Saved entries:

------------------------------------------------------------

lemma has_perfect_int_matchingI:
  assumes "finite E" "perfect_matching V E M"
  shows "has_perfect_int_matching k V E"
proof -
  define h where "h e = (if e \<in> M then k else 0)" for e
  have "(\<Sum>e\<in>incident_edges E v. h e) = k" if "v \<in> V" for v
  proof -
    have "{e \<in> incident_edges E v. e \<in> M} = {e\<in>M. v \<in> e}"
      using assms(2) by (auto simp: perfect_matching_def incident_edges_def)
    then have "(\<Sum>e\<in>incident_edges E v. h e) = (\<Sum>e\<in>{e\<in>M. v \<in> e}. k)"
      using assms(1) by (simp add: h_def sum.inter_filter[symmetric] incident_edges_def)
    then show ?thesis
      using assms(2) that by (simp add: perfect_matching_def)
  qed
  then show ?thesis
    unfolding has_perfect_int_matching_def is_int_matching_def
    by (intro exI[of _ h]) (auto simp: h_def)
qed

lemma no_int_matching_if_isolated:
  assumes "u \<in> V" "incident_edges E u = {}" "2 \<le> k"
  shows "\<not> has_perfect_int_matching k V E \<and> \<not> has_almost_perfect_int_matching k V E"
proof -
  have at_u: "(\<Sum>e\<in>incident_edges E u. h e) = 0" for h :: "'a set \<Rightarrow> nat"
    using assms(2) by simp
  have "(\<Sum>e\<in>incident_edges E u. h e) \<noteq> k" for h :: "'a set \<Rightarrow> nat"
    using at_u assms(3) by simp
  moreover have "(\<Sum>e\<in>incident_edges E u. h e) \<noteq> k - 1" for h :: "'a set \<Rightarrow> nat"
    using at_u assms(3) by simp
  ultimately show ?thesis
    using assms(1) unfolding has_perfect_int_matching_def has_almost_perfect_int_matching_def
    by metis
qed

lemma mp_int_eqI:
  assumes "u \<in> V" "2 \<le> k" and degree: "card (incident_edges E u) = d"
    and survives: "\<And>F. F \<subseteq> E \<Longrightarrow> card F < d \<Longrightarrow> has_perfect_int_matching k V (E - F)"
  shows "mp_int k V E = d"
  unfolding mp_int_def
proof (rule Least_equality)
  have "incident_edges (E - incident_edges E u) u = {}"
    by (auto simp: incident_edges_def)
  then show "\<exists>F. F \<subseteq> E \<and> card F = d \<and> \<not> has_perfect_int_matching k V (E - F)
      \<and> \<not> has_almost_perfect_int_matching k V (E - F)"
    using no_int_matching_if_isolated[OF assms(1) _ assms(2)] degree
    by (intro exI[of _ "incident_edges E u"]) (auto simp: incident_edges_def)
qed (use survives not_less in blast)

section \<open>Edge-transitive regular graphs\<close>

definition graph_aut :: "'a set \<Rightarrow> 'a set set \<Rightarrow> ('a \<Rightarrow> 'a) set" where
  "graph_aut V E = {\<pi>. \<pi> permutes V \<and> (\<forall>e\<in>E. \<pi> ` e \<in> E)}"

locale regular_graph =
  fixes V :: "'a set" and E :: "'a set set" and d :: nat
  assumes finite_vertices: "finite V"
    and edge_doubleton: "e \<in> E \<Longrightarrow> e \<subseteq> V \<and> card e = 2"
    and degree: "v \<in> V \<Longrightarrow> card (incident_edges E v) = d"
begin

lemma finite_edges: "finite E"
  using edge_doubleton finite_vertices by (meson PowI finite_Pow_iff finite_subset subsetI)

lemma sum_degrees:
  assumes "X \<subseteq> E"
  shows "(\<Sum>v\<in>V. card {e\<in>X. v \<in> e}) = 2 * card X"
proof -
  have "finite X"
    using assms finite_edges finite_subset by blast
  then have "(\<Sum>v\<in>V. card {e\<in>X. v \<in> e}) = (\<Sum>e\<in>X. card {v\<in>V. v \<in> e})"
    by (rule sum_card_filter_swap[OF finite_vertices])
  also have "\<dots> = (\<Sum>e\<in>X. 2)"
  proof (rule sum.cong)
    fix e
    assume "e \<in> X"
    then have "{v\<in>V. v \<in> e} = e" and "card e = 2"
      using assms edge_doubleton by auto
    then show "card {v\<in>V. v \<in> e} = 2"
      by simp
  qed simp
  finally show ?thesis
    by simp
qed

lemma card_edges: "2 * card E = d * card V"
  using sum_degrees[of E] degree by (simp add: incident_edges_def mult.commute)

lemma card_perfect_matching:
  assumes "perfect_matching V E M"
  shows "2 * card M = card V"
  using sum_degrees[of M] assms by (simp add: perfect_matching_def)

lemma finite_graph_aut: "finite (graph_aut V E)"
  using finite_permutations[OF finite_vertices]
  by (rule finite_subset[rotated]) (auto simp: graph_aut_def)

lemma id_in_graph_aut: "id \<in> graph_aut V E"
  by (simp add: graph_aut_def)

lemma comp_in_graph_aut: "\<pi> \<in> graph_aut V E \<Longrightarrow> \<rho> \<in> graph_aut V E \<Longrightarrow> \<pi> \<circ> \<rho> \<in> graph_aut V E"
  by (auto simp: graph_aut_def permutes_compose) (metis image_image)

lemma inj_graph_aut: "\<pi> \<in> graph_aut V E \<Longrightarrow> inj \<pi>"
  by (simp add: graph_aut_def) (meson permutes_inj)

lemma comp_graph_aut_surj:
  assumes "\<pi> \<in> graph_aut V E"
  shows "(\<circ>) \<pi> ` graph_aut V E = graph_aut V E"
proof (rule endo_inj_surj[OF finite_graph_aut])
  have "inj \<pi>"
    using assms by (rule inj_graph_aut)
  then show "inj_on ((\<circ>) \<pi>) (graph_aut V E)"
    by (auto intro!: inj_onI simp: fun_eq_iff inj_eq)
qed (use assms comp_in_graph_aut in blast)

lemma card_image_graph_aut:
  assumes "\<pi> \<in> graph_aut V E"
  shows "card ((`) \<pi> ` X) = card X"
proof -
  have "inj_on ((`) \<pi>) X"
    using inj_graph_aut[OF assms] by (simp add: inj_on_def inj_image_eq_iff)
  then show ?thesis
    by (rule card_image)
qed

lemma perfect_matching_image:
  assumes "\<pi> \<in> graph_aut V E" "perfect_matching V E M"
  shows "perfect_matching V E ((`) \<pi> ` M)"
proof -
  have inj: "inj \<pi>"
    using assms(1) by (rule inj_graph_aut)
  have "card {e'\<in>(`) \<pi> ` M. v \<in> e'} = 1" if "v \<in> V" for v
  proof -
    have "\<pi> ` V = V"
      using assms(1) by (simp add: graph_aut_def permutes_image)
    then have "v \<in> \<pi> ` V"
      using that by simp
    then obtain w where w: "v = \<pi> w" "w \<in> V"
      by (rule imageE)
    have "v \<in> \<pi> ` e \<longleftrightarrow> w \<in> e" for e
      using inj w by (simp add: inj_image_mem_iff)
    then have "{e'\<in>(`) \<pi> ` M. v \<in> e'} = (`) \<pi> ` {e\<in>M. w \<in> e}"
      by blast
    then have "card {e'\<in>(`) \<pi> ` M. v \<in> e'} = card {e\<in>M. w \<in> e}"
      using card_image_graph_aut[OF assms(1)] by simp
    then show ?thesis
      using assms(2) w by (simp add: perfect_matching_def)
  qed
  moreover have "(`) \<pi> ` M \<subseteq> E"
    using assms by (auto simp: perfect_matching_def graph_aut_def)
  ultimately show ?thesis
    by (simp add: perfect_matching_def)
qed

definition covering_auts :: "'a set set \<Rightarrow> 'a set \<Rightarrow> ('a \<Rightarrow> 'a) set" where
  "covering_auts M f = {\<pi> \<in> graph_aut V E. f \<in> (`) \<pi> ` M}"

lemma covering_auts_image:
  assumes h: "h \<in> graph_aut V E"
  shows "covering_auts M (h ` e) = (\<circ>) h ` covering_auts M e"
proof (intro set_eqI iffI)
  fix \<pi>
  assume "\<pi> \<in> covering_auts M (h ` e)"
  then have \<pi>: "\<pi> \<in> graph_aut V E" "h ` e \<in> (`) \<pi> ` M"
    by (simp_all add: covering_auts_def)
  from \<pi>(2) obtain e' where e': "h ` e = \<pi> ` e'" "e' \<in> M"
    by (rule imageE)
  have "\<pi> \<in> (\<circ>) h ` graph_aut V E"
    using \<pi>(1) comp_graph_aut_surj[OF h] by simp
  then obtain \<rho> where \<rho>: "\<pi> = h \<circ> \<rho>" "\<rho> \<in> graph_aut V E"
    by (rule imageE)
  have "h ` e = h ` (\<rho> ` e')"
    using e' \<rho> by (simp add: image_comp)
  then have "e = \<rho> ` e'"
    using inj_graph_aut[OF h] by (simp add: inj_image_eq_iff)
  then have "\<rho> \<in> covering_auts M e"
    using \<rho>(2) e'(2) by (simp add: covering_auts_def)
  with \<rho>(1) show "\<pi> \<in> (\<circ>) h ` covering_auts M e"
    by (rule image_eqI)
next
  fix \<pi>
  assume "\<pi> \<in> (\<circ>) h ` covering_auts M e"
  then obtain \<rho> where \<rho>: "\<pi> = h \<circ> \<rho>" "\<rho> \<in> covering_auts M e"
    by (rule imageE)
  then obtain e' where e': "e' \<in> M" "e = \<rho> ` e'"
    by (auto simp: covering_auts_def)
  have "h ` e = \<pi> ` e'"
    using \<rho>(1) e'(2) by (simp add: image_comp)
  moreover have "\<pi> \<in> graph_aut V E"
    using h \<rho> comp_in_graph_aut by (simp add: covering_auts_def)
  ultimately show "\<pi> \<in> covering_auts M (h ` e)"
    using e'(1) by (simp add: covering_auts_def)
qed

end

locale edge_transitive_graph = regular_graph +
  fixes e0 :: "'a set"
  assumes base_edge: "e0 \<in> E"
    and edge_transitive: "f \<in> E \<Longrightarrow> \<exists>\<pi>\<in>graph_aut V E. \<pi> ` e0 = f"
begin

lemma card_covering_auts_eq:
  assumes "f \<in> E"
  shows "card (covering_auts M f) = card (covering_auts M e0)"
proof -
  obtain h where h: "h \<in> graph_aut V E" "h ` e0 = f"
    using edge_transitive[OF assms] by (elim bexE)
  have "covering_auts M f = (\<circ>) h ` covering_auts M e0"
    using covering_auts_image[OF h(1), of M e0] h(2) by simp
  moreover have "inj_on ((\<circ>) h) (covering_auts M e0)"
    using inj_graph_aut[OF h(1)] by (auto intro!: inj_onI simp: fun_eq_iff inj_eq)
  ultimately show ?thesis
    by (simp add: card_image)
qed

lemma degree_mult_card_covering_auts:
  assumes "perfect_matching V E M"
  shows "d * card (covering_auts M e0) = card (graph_aut V E)"
proof -
  have "card E * card (covering_auts M e0) = (\<Sum>f\<in>E. card (covering_auts M f))"
    using card_covering_auts_eq by simp
  also have "\<dots> = (\<Sum>\<pi>\<in>graph_aut V E. card {f\<in>E. f \<in> (`) \<pi> ` M})"
    unfolding covering_auts_def by (rule sum_card_filter_swap[OF finite_edges finite_graph_aut])
  also have "\<dots> = (\<Sum>\<pi>\<in>graph_aut V E. card M)"
  proof (rule sum.cong)
    fix \<pi>
    assume \<pi>: "\<pi> \<in> graph_aut V E"
    have "(`) \<pi> ` M \<subseteq> E"
      using perfect_matching_image[OF \<pi> assms] by (simp add: perfect_matching_def)
    then have "{f\<in>E. f \<in> (`) \<pi> ` M} = (`) \<pi> ` M"
      by (simp add: Collect_conj_eq Int_absorb1)
    then show "card {f\<in>E. f \<in> (`) \<pi> ` M} = card M"
      using card_image_graph_aut[OF \<pi>] by simp
  qed simp
  finally have "2 * card E * card (covering_auts M e0) = card (graph_aut V E) * (2 * card M)"
    by simp
  then have "card V * (d * card (covering_auts M e0)) = card V * card (graph_aut V E)"
    unfolding card_edges card_perfect_matching[OF assms] by (simp add: ac_simps)
  moreover have "2 \<le> card V"
    using card_mono[OF finite_vertices] edge_doubleton[OF base_edge] by metis
  ultimately show ?thesis
    by simp
qed

lemma perfect_matching_image_avoiding:
  assumes "perfect_matching V E M" "F \<subseteq> E" "card F < d"
  shows "\<exists>\<pi>\<in>graph_aut V E. (`) \<pi> ` M \<inter> F = {}"
proof (rule ccontr)
  assume "\<not> ?thesis"
  then have meets: "{f\<in>F. f \<in> (`) \<pi> ` M} \<noteq> {}" if "\<pi> \<in> graph_aut V E" for \<pi>
    using that by (simp add: Int_def) (metis imageI)
  have "finite F"
    using assms(2) finite_edges finite_subset by blast
  let ?c = "card (covering_auts M e0)"
  have "card (graph_aut V E) = (\<Sum>\<pi>\<in>graph_aut V E. 1)"
    by simp
  also have "\<dots> \<le> (\<Sum>\<pi>\<in>graph_aut V E. card {f\<in>F. f \<in> (`) \<pi> ` M})"
    using meets \<open>finite F\<close> by (intro sum_mono) (simp add: Suc_le_eq card_gt_0_iff)
  also have "\<dots> = (\<Sum>f\<in>F. card (covering_auts M f))"
    unfolding covering_auts_def by (rule sum_card_filter_swap[OF finite_graph_aut \<open>finite F\<close>])
  also have "\<dots> = card F * ?c"
    using card_covering_auts_eq assms(2) by (simp add: subset_iff)
  also have "\<dots> < d * ?c"
  proof -
    have "0 < card (graph_aut V E)"
      using id_in_graph_aut finite_graph_aut card_gt_0_iff by blast
    then have "0 < ?c"
      using degree_mult_card_covering_auts[OF assms(1)] by (metis gr0I mult_0_right)
    then show ?thesis
      using assms(3) by simp
  qed
  also have "\<dots> = card (graph_aut V E)"
    by (rule degree_mult_card_covering_auts[OF assms(1)])
  finally show False
    by simp
qed

theorem mp_int_eq_degree:
  assumes "perfect_matching V E M" "2 \<le> k"
  shows "mp_int k V E = d"
proof -
  have "V \<noteq> {}"
    using base_edge edge_doubleton by fastforce
  then obtain u where u: "u \<in> V"
    by blast
  show ?thesis
  proof (rule mp_int_eqI[OF u assms(2) degree[OF u]])
    fix F
    assume "F \<subseteq> E" "card F < d"
    then obtain \<pi> where \<pi>: "\<pi> \<in> graph_aut V E" "(`) \<pi> ` M \<inter> F = {}"
      using perfect_matching_image_avoiding[OF assms(1)] by blast
    then have "perfect_matching V (E - F) ((`) \<pi> ` M)"
      using perfect_matching_image[OF \<pi>(1) assms(1)] by (auto simp: perfect_matching_def)
    then show "has_perfect_int_matching k V (E - F)"
      using finite_edges by (simp add: has_perfect_int_matchingI)
  qed
qed

end

section \<open>The arrangement graph\<close>

lemma finite_arr_vertices: "finite (arr_vertices n s)"
proof -
  have "arr_vertices n s \<subseteq> {xs. set xs \<subseteq> {1..n} \<and> length xs = s}"
    by (auto simp: arr_vertices_def)
  then show ?thesis
    using finite_lists_length_eq[of "{1..n}" s] finite_subset by blast
qed

lemma arr_adj_sym: "arr_adj s x y \<longleftrightarrow> arr_adj s y x"
proof -
  have "{i. i < s \<and> x ! i \<noteq> y ! i} = {i. i < s \<and> y ! i \<noteq> x ! i}"
    by auto
  then show ?thesis
    by (simp add: arr_adj_def)
qed

lemma arr_edge_doubleton:
  assumes "e \<in> arr_edges n s"
  shows "e \<subseteq> arr_vertices n s \<and> card e = 2"
proof -
  obtain x y where "e = {x, y}" "x \<in> arr_vertices n s" "y \<in> arr_vertices n s" "arr_adj s x y"
    using assms by (auto simp: arr_edges_def)
  moreover have "x \<noteq> y"
    using \<open>arr_adj s x y\<close> by (auto simp: arr_adj_def)
  ultimately show ?thesis
    by auto
qed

------------------------------------------------------------

* TASK DETAILS *
The lines above, from the start of the records through the one containing "qed (use survives not_less in blast)", are to be printed exactly, and nothing else is to be included.

* WRITTEN ANSWER *
lemma has_perfect_int_matchingI:
  assumes "finite E" "perfect_matching V E M"
  shows "has_perfect_int_matching k V E"
proof -
  define h where "h e = (if e \<in> M then k else 0)" for e
  have "(\<Sum>e\<in>incident_edges E v. h e) = k" if "v \<in> V" for v
  proof -
    have "{e \<in> incident_edges E v. e \<in> M} = {e\<in>M. v \<in> e}"
      using assms(2) by (auto simp: perfect_matching_def incident_edges_def)
    then have "(\<Sum>e\<in>incident_edges E v. h e) = (\<Sum>e\<in>{e\<in>M. v \<in> e}. k)"
      using assms(1) by (simp add: h_def sum.inter_filter[symmetric] incident_edges_def)
    then show ?thesis
      using assms(2) that by (simp add: perfect_matching_def)
  qed
  then show ?thesis
    unfolding has_perfect_int_matching_def is_int_matching_def
    by (intro exI[of _ h]) (auto simp: h_def)
qed

lemma no_int_matching_if_isolated:
  assumes "u \<in> V" "incident_edges E u = {}" "2 \<le> k"
  shows "\<not> has_perfect_int_matching k V E \<and> \<not> has_almost_perfect_int_matching k V E"
proof -
  have at_u: "(\<Sum>e\<in>incident_edges E u. h e) = 0" for h :: "'a set \<Rightarrow> nat"
    using assms(2) by simp
  have "(\<Sum>e\<in>incident_edges E u. h e) \<noteq> k" for h :: "'a set \<Rightarrow> nat"
    using at_u assms(3) by simp
  moreover have "(\<Sum>e\<in>incident_edges E u. h e) \<noteq> k - 1" for h :: "'a set \<Rightarrow> nat"
    using at_u assms(3) by simp
  ultimately show ?thesis
    using assms(1) unfolding has_perfect_int_matching_def has_almost_perfect_int_matching_def
    by metis
qed

lemma mp_int_eqI:
  assumes "u \<in> V" "2 \<le> k" and degree: "card (incident_edges E u) = d"
    and survives: "\<And>F. F \<subseteq> E \<Longrightarrow> card F < d \<Longrightarrow> has_perfect_int_matching k V (E - F)"
  shows "mp_int k V E = d"
  unfolding mp_int_def
proof (rule Least_equality)
  have "incident_edges (E - incident_edges E u) u = {}"
    by (auto simp: incident_edges_def)
  then show "\<exists>F. F \<subseteq> E \<and> card F = d \<and> \<not> has_perfect_int_matching k V (E - F)
      \<and> \<not> has_almost_perfect_int_matching k V (E - F)"
    using no_int_matching_if_isolated[OF assms(1) _ assms(2)] degree
    by (intro exI[of _ "incident_edges E u"]) (auto simp: incident_edges_def)
qed (use survives not_less in blast)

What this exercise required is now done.